St Anselm's feast day is April 21. He is honored by Anglicans, Lutherans & Roman Catholics

Be not afraid, only Believe.  - Jesus in Mark 5:36
Be not afraid, only Believe. - Jesus in Mark 5:36

I was born into the Gospel, I knew God loved me, and I trusted His world


  • What happened? The devil planted a doubt, "Hath God said?"

  • The falacy was that I needed to understand Him before I could believe.

  • Anselm saw the reverse was true; I need to believe before I can understand


Why should we not believe the One who has made us and called us to be His own?


Anselm of Canterbury*  1033-1109


By the time Anselm was born, all of Western Europe considered itself to be Christian. He came from a wealthy family in Burgundy, later a part of France but sometimes a kingdom of its own, which was often fought over. Anselm had early ambitions to become a monk and scholar, but was thwarted by illness and his father's opposition.
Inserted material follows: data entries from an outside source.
(* Let $v$ be a word with distinct entries, $P\in\mathrm{MRPD}(v)$, and let pipes $j\neq j'$ both be removable in $P$. Then pipe $j'$ is removable in $\Phi_j(P)$, and $\Phi_{j'}(\Phi_j(P))=\Phi_j(\Phi_{j'}(P))$.
   Context: Let $v=v_1\cdots v_m$ be a word of distinct positive integers with sorted entries $a_1<\dots<a_m$. A pipe dream for $v$ fills the staircase $\{(i,k):i,k\ge1,\ i+k\le m+1\}$ (row $i$ from the top, column $k$ from the left) with crossing tiles and bumping tiles (an upper-left arc joining top and left edges, a lower-right arc joining bottom and right edges), every tile $(i,m+1-i)$ being a bumping tile. Pipe $a_k$ enters at the top of column $k$ and travels down/left to the left boundary. It is reduced if any two pipes cross at most once and the pipe exiting row $i$ is labelled $v_i$. A marked reduced pipe dream of $v$ is a reduced pipe dream with a set of marked bumping tiles, where a bumping tile in row $i$ may be marked only if the two pipes through it cross at a crossing tile in a row strictly above $i$; $\mathrm{MRPD}(v)$ is the set of these. Pipe $j$ (entering at column $C_j$) is removable if: (i) column $C_j$ consists, top to bottom, of crossing tiles all traversed by pipe $j$, followed only by unmarked bumping tiles; (ii) for each crossing tile traversed by pipe $j$, the tile directly above it (if any) is not an unmarked bumping tile; (iii) pipe $j$ traverses no marked bumping tile. For removable $j$, in each column $c<C_j$ pipe $j$ traverses either one crossing tile horizontally or two vertically adjacent unmarked bumping tiles $(r,c),(r+1,c)$ (entering $(r,c)$ from the right via its lower-right arc, leaving $(r+1,c)$ leftward via its upper-left arc). $\Phi_j(P)\in\mathrm{MRPD}(v\setminus j)$ is obtained by: deleting column $C_j$; in each column $c<C_j$ deleting that crossing tile, or deleting the lower-right half of $(r,c)$ and the upper-left half of $(r+1,c)$; then shifting all tiles right of $C_j$ one unit left and, in columns $c<C_j$, all tiles and half-tiles below pipe $j$ one unit up (the two remaining halves forming one unmarked bumping tile), keeping other tiles and markings. *)

theory Defs
  imports Main
begin

text \<open>Tiles: position (i,k) = (row from top, column from left), both starting at 1.
  A tile function T gives True for a crossing tile and False for a bumping tile.
  A marked pipe dream is a pair (T, M) with M the set of marked tiles.\<close>

type_synonym tiles = "nat \<Rightarrow> nat \<Rightarrow> bool"
type_synonym mpd = "tiles \<times> (nat \<times> nat) set"

datatype dir = FromTop | FromRight

definition in_stair :: "nat \<Rightarrow> nat \<times> nat \<Rightarrow> bool" where
  "in_stair m p \<longleftrightarrow> 1 \<le> fst p \<and> 1 \<le> snd p \<and> fst p + snd p \<le> m + 1"

definition pipe_dream :: "nat \<Rightarrow> tiles \<Rightarrow> bool" where
  "pipe_dream m T \<longleftrightarrow> (\<forall>i k. T i k \<longrightarrow> in_stair m (i, k))
     \<and> (\<forall>i. 1 \<le> i \<and> i \<le> m \<longrightarrow> \<not> T i (m + 1 - i))"

text \<open>One step of a pipe: state = (tile entered, side it was entered from).
  Column 0 means the pipe has left through the left boundary.\<close>
fun step :: "tiles \<Rightarrow> (nat \<times> nat) \<times> dir \<Rightarrow> (nat \<times> nat) \<times> dir" where
  "step T ((r, c), d) =
     (if c = 0 then ((r, c), d) else
      (case d of
         FromTop \<Rightarrow> (if T r c then ((r + 1, c), FromTop) else ((r, c - 1), FromRight))
       | FromRight \<Rightarrow> (if T r c then ((r, c - 1), FromRight) else ((r + 1, c), FromTop))))"

definition pipe_state :: "tiles \<Rightarrow> nat \<Rightarrow> nat \<Rightarrow> (nat \<times> nat) \<times> dir" where
  "pipe_state T k n = (step T ^^ n) ((1, k), FromTop)"

text \<open>Tiles visited (with entry side) by the pipe entering at the top of column k.
  Each step increases the row or decreases the column, so 2m steps suffice.\<close>
definition visits :: "nat \<Rightarrow> tiles \<Rightarrow> nat \<Rightarrow> ((nat \<times> nat) \<times> dir) set" where
  "visits m T k = {s. \<exists>n \<le> 2 * m. s = pipe_state T k n \<and> 1 \<le> snd (fst s)}"

definition traverses :: "nat \<Rightarrow> tiles \<Rightarrow> nat \<Rightarrow> nat \<times> nat \<Rightarrow> bool" where
  "traverses m T k p \<longleftrightarrow> (\<exists>d. (p, d) \<in> visits m T k)"

definition exit_row :: "nat \<Rightarrow> tiles \<Rightarrow> nat \<Rightarrow> nat" where
  "exit_row m T k = fst (fst (pipe_state T k (2 * m)))"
An asterisk* after a name means the person is in SPIRITUAL LIVES.


During his youth, he wandered through Burgundy and France, undecided about whether to manage his lands and estate or enter religious life.  He was persuaded to enter the Abbey at Cluny, where he wrote his first philosophical treatise during his first year there.  He was a brilliant scholar and approached life's issues with this governing principle:


For I do not seek to understand in order to believe, but I believe in order to understand.  For I believe this: unless I believe, I will not understand.  – Anselm of Canterbury


Anselm approached philosophy via the works of Boethius* (480-524) and Augustine (354-430 BC), who had been the principal intellectual liaisons between Aristotle (384-322 BC), Plato* (424-348 BC), and the Greeks and Christianity. He applied reason to what he believed, and is famous for his statement of the "ontological argument" for the existence of God. Essentially, this says God must exist because we can conceive of Him.


He also advanced a new teaching on the Atonement, the "Satisfaction" theory.  This holds that man's sin is a debt to God and was satisfied by Jesus' * (4BC-30AD) sacrifice on Calvary.  Earlier teaching had been that this debt was to the devil and Christ's payment was to him.


Anselm wrote many learned dialogues and was the father of "scholasticism," an approach to learning characterized as a method of critical thought. In this approach, questions and doctrines were discussed, and reasoning was used to resolve difficulties and contradictions. Scholasticism became the basis for the development of the university, and Amselm's abbey became the first GREAT center of learning in Europe in the 11th century.                                                                                                                     

Anselm himself went on to become the Archbishop of Canterbury, where he was less successful than he was as a thinker.  His emphasis on thought and reason minimized and/or simply bypassed Scripture and thereby established an intellectual culture that bound together all of Western Europe, but at the same time created a wide divide between the clergy (at that time, most educated people) and the common people. 


This GREAT divide remains with us today, and nearly all Western philosophers and theologians have elevated reason and "critical thinking" above revelation and the written Word of God.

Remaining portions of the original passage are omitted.